Days I didn’t cry when I might have.
Days I spoke gently to myself instead of harshly.
Days I chose peace over proving a point.
And if that isn’t healing, I don’t know what is.
If you ask me how I healed, I wouldn’t have a straight answer.
But I could show you a notebook full of poems.
I could play you the silences I no longer fear.
I could read you a text I didn’t send and didn’t regret not sending.
I could take you to a window where I once stood anxious, and now simply watch the rain.
So, Sakhee, if you’re in a place where everything feels a bit much, trust me, you don’t need to force a big “fix.” Sometimes healing happens in the smallest, almost invisible ways. It’s about doing things that don’t demand a performance from you. And when you do, don’t worry about making it pretty. Let it be messy. Let it be raw. Let it be real.
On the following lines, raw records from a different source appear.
(* Let $Y_1,Y_2\subsetneq\mathbb{C}$ be conformally equivalent domains and $\Omega\subset\mathbb{C}$ an arbitrary domain. Then there exist $a\in Y_1$ and $b\in Y_2$ such that $\mathscr{C}_{\Omega}^{Y_1,a}(w)=\mathscr{C}_{\Omega}^{Y_2,b}(w)$ for every $w\in\Omega$.
   Context: $\mathbb{D}=\{z\in\mathbb{C}:|z|<1\}$. For domains $\Omega\subset\mathbb{C}$, $Y\subsetneq\mathbb{C}$, and points $w\in\Omega$, $s\in Y$, let $\mathcal{H}^s_w(\Omega,Y)$ be the set of holomorphic maps $h:\Omega\to Y$ with $h(w)=s$ and $h(z)\neq s$ for all $z\in\Omega\setminus\{w\}$. For a domain $Y\subsetneq\mathbb{C}$ and $v\in Y$, the Hurwitz density is $\eta_Y(v)=2/r_Y(v)$, where $r_Y(v)=\max\{h'(0): h:\mathbb{D}\to Y \text{ holomorphic},\ h(0)=v,\ h(z)\neq v \text{ for } z\in\mathbb{D}\setminus\{0\},\ h'(0)>0\}$. The Carathéodory density of the Hurwitz metric of $\Omega$ relative to $Y$ is $\mathscr{C}_{\Omega}^{Y,s}(w)=\sup\{\eta_Y(h(w))|h'(w)| : h\in\mathcal{H}^s_w(\Omega,Y)\}$, defined to be $0$ if $\mathcal{H}^s_w(\Omega,Y)=\emptyset$. *)

theory Defs
  imports "HOL-Complex_Analysis.Complex_Analysis"
begin

definition is_domain :: "complex set \<Rightarrow> bool" where
  "is_domain S \<longleftrightarrow> open S \<and> connected S \<and> S \<noteq> {}"

definition hurwitz_maps :: "complex set \<Rightarrow> complex set \<Rightarrow> complex \<Rightarrow> complex \<Rightarrow> (complex \<Rightarrow> complex) set" where
  "hurwitz_maps \<Omega> Y w s =
     {h. h holomorphic_on \<Omega> \<and> h ` \<Omega> \<subseteq> Y \<and> h w = s \<and> (\<forall>z\<in>\<Omega> - {w}. h z \<noteq> s)}"

text \<open>r_Y(v): the extremal value of h'(0) over maps in H^v_0(D, Y) with h'(0) > 0
  (the paper shows the maximum is attained, so it equals the supremum).\<close>
definition hurwitz_radius :: "complex set \<Rightarrow> complex \<Rightarrow> real" where
  "hurwitz_radius Y v =
     Sup {r. \<exists>h \<in> hurwitz_maps (ball 0 1) Y 0 v. deriv h 0 = complex_of_real r \<and> r > 0}"

definition hurwitz_density :: "complex set \<Rightarrow> complex \<Rightarrow> real" where
  "hurwitz_density Y v = 2 / hurwitz_radius Y v"

definition caratheodory_hurwitz :: "complex set \<Rightarrow> complex set \<Rightarrow> complex \<Rightarrow> complex \<Rightarrow> real" where
  "caratheodory_hurwitz \<Omega> Y s w =
     (if hurwitz_maps \<Omega> Y w s = {} then 0
      else Sup {hurwitz_density Y (h w) * cmod (deriv h w) | h. h \<in> hurwitz_maps \<Omega> Y w s})"

definition conformally_equivalent :: "complex set \<Rightarrow> complex set \<Rightarrow> bool" where
  "conformally_equivalent A B \<longleftrightarrow>
     (\<exists>f g. f holomorphic_on A \<and> g holomorphic_on B \<and> f ` A = B \<and> g ` B = A \<and>
            (\<forall>z\<in>A. g (f z) = z) \<and> (\<forall>z\<in>B. f (g z) = z))"

end

theory Submission
  imports Defs
begin

text \<open>Postcomposition with a conformal map \<open>f : Y1 \<rightarrow> Y2\<close>, preceded by a rotation of the disc,
  carries the extremal problem for \<open>r_Y1(a)\<close> onto the one for \<open>r_Y2(f a)\<close>; hence
  \<open>r_Y2(f a) = |f'(a)| r_Y1(a)\<close>, i.e. \<open>\<eta>_Y2(f a) |f'(a)| = \<eta>_Y1(a)\<close>. Postcomposition with \<open>f\<close> also
  maps \<open>H^a_w(\<Omega>, Y1)\<close> onto \<open>H^(f a)_w(\<Omega>, Y2)\<close> and, by the chain rule, preserves
  \<open>\<eta>_Y(h w) |h'(w)|\<close>, so \<open>b = f a\<close> works for every \<open>a\<close>.
  Scaling the supremum needs the radii to be bounded (the \<open>Sup\<close> of an unbounded set of reals is
  unspecified). They are, because \<open>Y\<close> omits a point \<open>p\<close>: \<open>\<phi> = (h - a)/(p - a)\<close> omits \<open>1\<close> and
  vanishes only at \<open>0\<close>, Schottky's theorem applied to a square root of \<open>1 - \<phi>\<close> bounds all such
  \<open>\<phi>\<close> uniformly near \<open>0\<close>, and Cauchy's inequality then bounds \<open>h'(0)\<close>.\<close>

lemma cSup_image_mult_left:
  fixes X :: "real set"
  assumes "c \<ge> 0" "X \<noteq> {}" "bdd_above X"
  shows "Sup ((*) c ` X) = c * Sup X"
proof -
  have "mono ((*) c)"
    using assms(1) by (intro monoI mult_left_mono)
  moreover have "continuous (at_left (Sup X)) ((*) c)"
    by (intro continuous_intros)
  ultimately show ?thesis
    using continuous_at_Sup_mono assms(2,3) by metis
qed

lemma deriv_comp_holomorphic:
  assumes "f holomorphic_on A" "open A" "h holomorphic_on \<Omega>" "open \<Omega>" "w \<in> \<Omega>" "h w \<in> A"
  shows "deriv (f \<circ> h) w = deriv f (h w) * deriv h w"
  using assms by (intro deriv_chain holomorphic_on_imp_differentiable_at)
(And yes, if that involves bad chai and crumpled pages — totally fine.)
One day, you’ll look back and see how those tiny, uncelebrated moments stitched something whole inside you.
I still write. Not every day, not in any planned way but often enough to keep the window open in my mind. I still have moments when the world feels too loud, but now I know how to return to myself.
I once wrote poems to empty myself.
Now, I write them to remember I’m full.
I write not because I’m broken,
but because I’ve made a home in the in-betweens,
between grief and gratitude,
between longing and letting go.
I used to be afraid of stillness.
Now, I welcome it.
It tells me:
You're no longer trying to outrun yourself.
You're finally learning to sit beside your story.
May every Sakhee’s chai stay warm, her pages stay honest, and her sukoon stay intact.
- Richa Agrawal (Richa is a collector of moments, spiller of words, believer in beautiful chaos — and an unapologetic tea lover.)